Chargebacks are inevitable, but you need to keep a handle on them so they don't eat away at your revenue. Explore how.

Chargebacks are a real headache for businesses, especially those selling online. They can hurt your business by causing financial losses, increased fees, and a damaged reputation. SaaS finance leaders need to know how to prevent and respond to them. Below, we cover the basics of chargebacks, their causes, and how to manage them like a pro.

What are chargebacks? 

A chargeback is when a consumer disputes a transaction and has the funds returned to their account. They typically occur when the customer believes a transaction was fraudulent, unauthorised, or unsatisfactory. The consumer contacts their bank, which then investigates the claim. If the claim is valid, they will issue the charge back to the merchant, effectively reversing the original transaction. 

Imagine you made a purchase but later discovered that the product you bought was not what you expected, didn’t work or it was a purchase you didn’t make at all. You can then dispute the charge with your bank. Your bank will initiate a chargeback process and investigate the transaction. If the investigation finds that the charge was unauthorised or that there was an issue with the transaction, the funds will be returned to you and your bank will claim the cost of the original transaction from the merchant. 

Why are chargebacks bad for you, as a merchant?

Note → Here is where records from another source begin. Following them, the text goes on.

definition cospan :: "('o, 'a, 'm) cat_scheme \<Rightarrow> 'a \<Rightarrow> 'a \<Rightarrow> ('o, 'a) diagram" where
  "cospan C f g = \<lparr> Vtx = {0, 1, 2}, Edg = {0, 1}, Src = (\<lambda>e. e), Tgt = (\<lambda>e. 2),
     DObj = (\<lambda>v. if v = 0 then Dom C f else if v = 1 then Dom C g else Cod C f),
     DArr = (\<lambda>e. if e = 0 then f else g) \<rparr>"

lemma finite_diagram_cospan:
  "category C \<Longrightarrow> f \<in> Arr C \<Longrightarrow> g \<in> Arr C \<Longrightarrow> Cod C g = Cod C f \<Longrightarrow> finite_diagram C (cospan C f g)"
  by (auto simp: finite_diagram_def cospan_def hom_def category_simps)

lemma is_cone_cospan_iff:
  "is_cone C (cospan C f g) L lam \<longleftrightarrow> L \<in> Obj C \<and>
     lam 0 \<in> hom C L (Dom C f) \<and> lam 1 \<in> hom C L (Dom C g) \<and> lam 2 \<in> hom C L (Cod C f) \<and>
     Cmp C f (lam 0) = lam 2 \<and> Cmp C g (lam 1) = lam 2"
  by (auto simp: is_cone_def cospan_def)

lemma pullback_if_cospan_limit:
  assumes C: "category C" and "f \<in> Arr C" "g \<in> Arr C" "Cod C g = Cod C f"
    and lim: "is_limit C (cospan C f g) L lam"
  shows "is_pullback C f g (lam 0) (lam 1)"
  unfolding is_pullback_def
proof (intro conjI allI impI)
  have cone: "is_cone C (cospan C f g) L lam" using lim by (simp add: is_limit_def)
  then have lam: "lam 0 \<in> hom C L (Dom C f)" "lam 1 \<in> hom C L (Dom C g)"
    "Cmp C f (lam 0) = lam 2" "Cmp C g (lam 1) = lam 2"
    by (simp_all add: is_cone_cospan_iff)
  then show "lam 0 \<in> hom C (Dom C (lam 0)) (Dom C f)" "lam 1 \<in> hom C (Dom C (lam 0)) (Dom C g)"
    "Cmp C f (lam 0) = Cmp C g (lam 1)"
    by (simp_all add: hom_def)
  show "f \<in> Arr C" "g \<in> Arr C" "Cod C f = Cod C g" using assms by simp_all
  fix W u v
  assume uv: "u \<in> hom C W (Dom C f) \<and> v \<in> hom C W (Dom C g) \<and> Cmp C f u = Cmp C g v"
  let ?mu = "\<lambda>i::nat. if i = 0 then u else if i = 1 then v else Cmp C f u"
  have "W \<in> Obj C" using uv Dom_in_Obj[OF C, of u] by (simp add: hom_def)
  then have "is_cone C (cospan C f g) W ?mu"
    using uv assms by (simp add: is_cone_cospan_iff hom_def category_simps)
  then have "\<exists>!m. m \<in> hom C W L \<and> (\<forall>i \<in> Vtx (cospan C f g). Cmp C (lam i) m = ?mu i)"
    using lim unfolding is_limit_def by blast
  then obtain m where m: "m \<in> hom C W L" "\<forall>i \<in> Vtx (cospan C f g). Cmp C (lam i) m = ?mu i"
    and uniq: "\<And>m'. m' \<in> hom C W L \<Longrightarrow> \<forall>i \<in> Vtx (cospan C f g). Cmp C (lam i) m' = ?mu i \<Longrightarrow> m' = m"
    by blast
  have L: "Dom C (lam 0) = L" using lam by (simp add: hom_def)
  show "\<exists>!m. m \<in> hom C W (Dom C (lam 0)) \<and> Cmp C (lam 0) m = u \<and> Cmp C (lam 1) m = v"
  proof
    show "m \<in> hom C W (Dom C (lam 0)) \<and> Cmp C (lam 0) m = u \<and> Cmp C (lam 1) m = v"
      using m L by (simp add: cospan_def)
  next
    fix m'
    assume m': "m' \<in> hom C W (Dom C (lam 0)) \<and> Cmp C (lam 0) m' = u \<and> Cmp C (lam 1) m' = v"
    then have "Cmp C (lam 2) m' = Cmp C f u"
      using C lam L assms by (auto simp: hom_def comp_reassoc[OF C lam(3)])
    then show "m' = m" using uniq m' L by (simp add: cospan_def)
  qed
qed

Chargebacks can be a significant burden for merchants as they result in financial losses, are time-consuming, increase costs, and increase the risk of fraud:

  • Financial loss. A chargeback results in a direct financial loss for you, as you have to repay the disputed amount and a chargeback fee. Fees vary by acquiring bank, from around $20-$100. This can add up to a significant financial burden, especially for small businesses with a high volume of chargebacks. 
  • Time-consuming. The chargeback process can be time-consuming for you as you have to respond to each dispute and provide evidence to support your case. This takes away valuable time and resources away from growing your business and serving your customers. 
  • Increased fraud. Chargebacks also increase the risk of fraud, as some consumers may abuse the process to receive free products. Ultimately, if your fraud rates are too high as a merchant it can lead to blacklisting by PSPs.

What causes chargebacks?

By understanding the causes of chargebacks, you can take steps to prevent them from occurring and develop effective strategies for managing them when they do. Here are five common causes:

  1. Fraudulent transactions: A customer may dispute a charge if they suspect that their card was used without their authorization, or if they believe that the transaction was fraudulent.
  2. Dissatisfaction with product or service: A customer may initiate a chargeback if they are unsatisfied with the product or service they received, or if the product was not as described.
  3. Technical issues: Technical issues such as website errors or glitches during the checkout process may result in duplicate charges or incorrect amounts being charged, leading to chargebacks.
  4. Processing errors: Processing errors such as incorrect billing information or incorrect transaction amounts can also result in chargebacks.
  5. Subscription or recurring billing issues: Customers may forget about recurring subscription charges, or they may dispute them if they believe they were not adequately informed of the terms of the subscription.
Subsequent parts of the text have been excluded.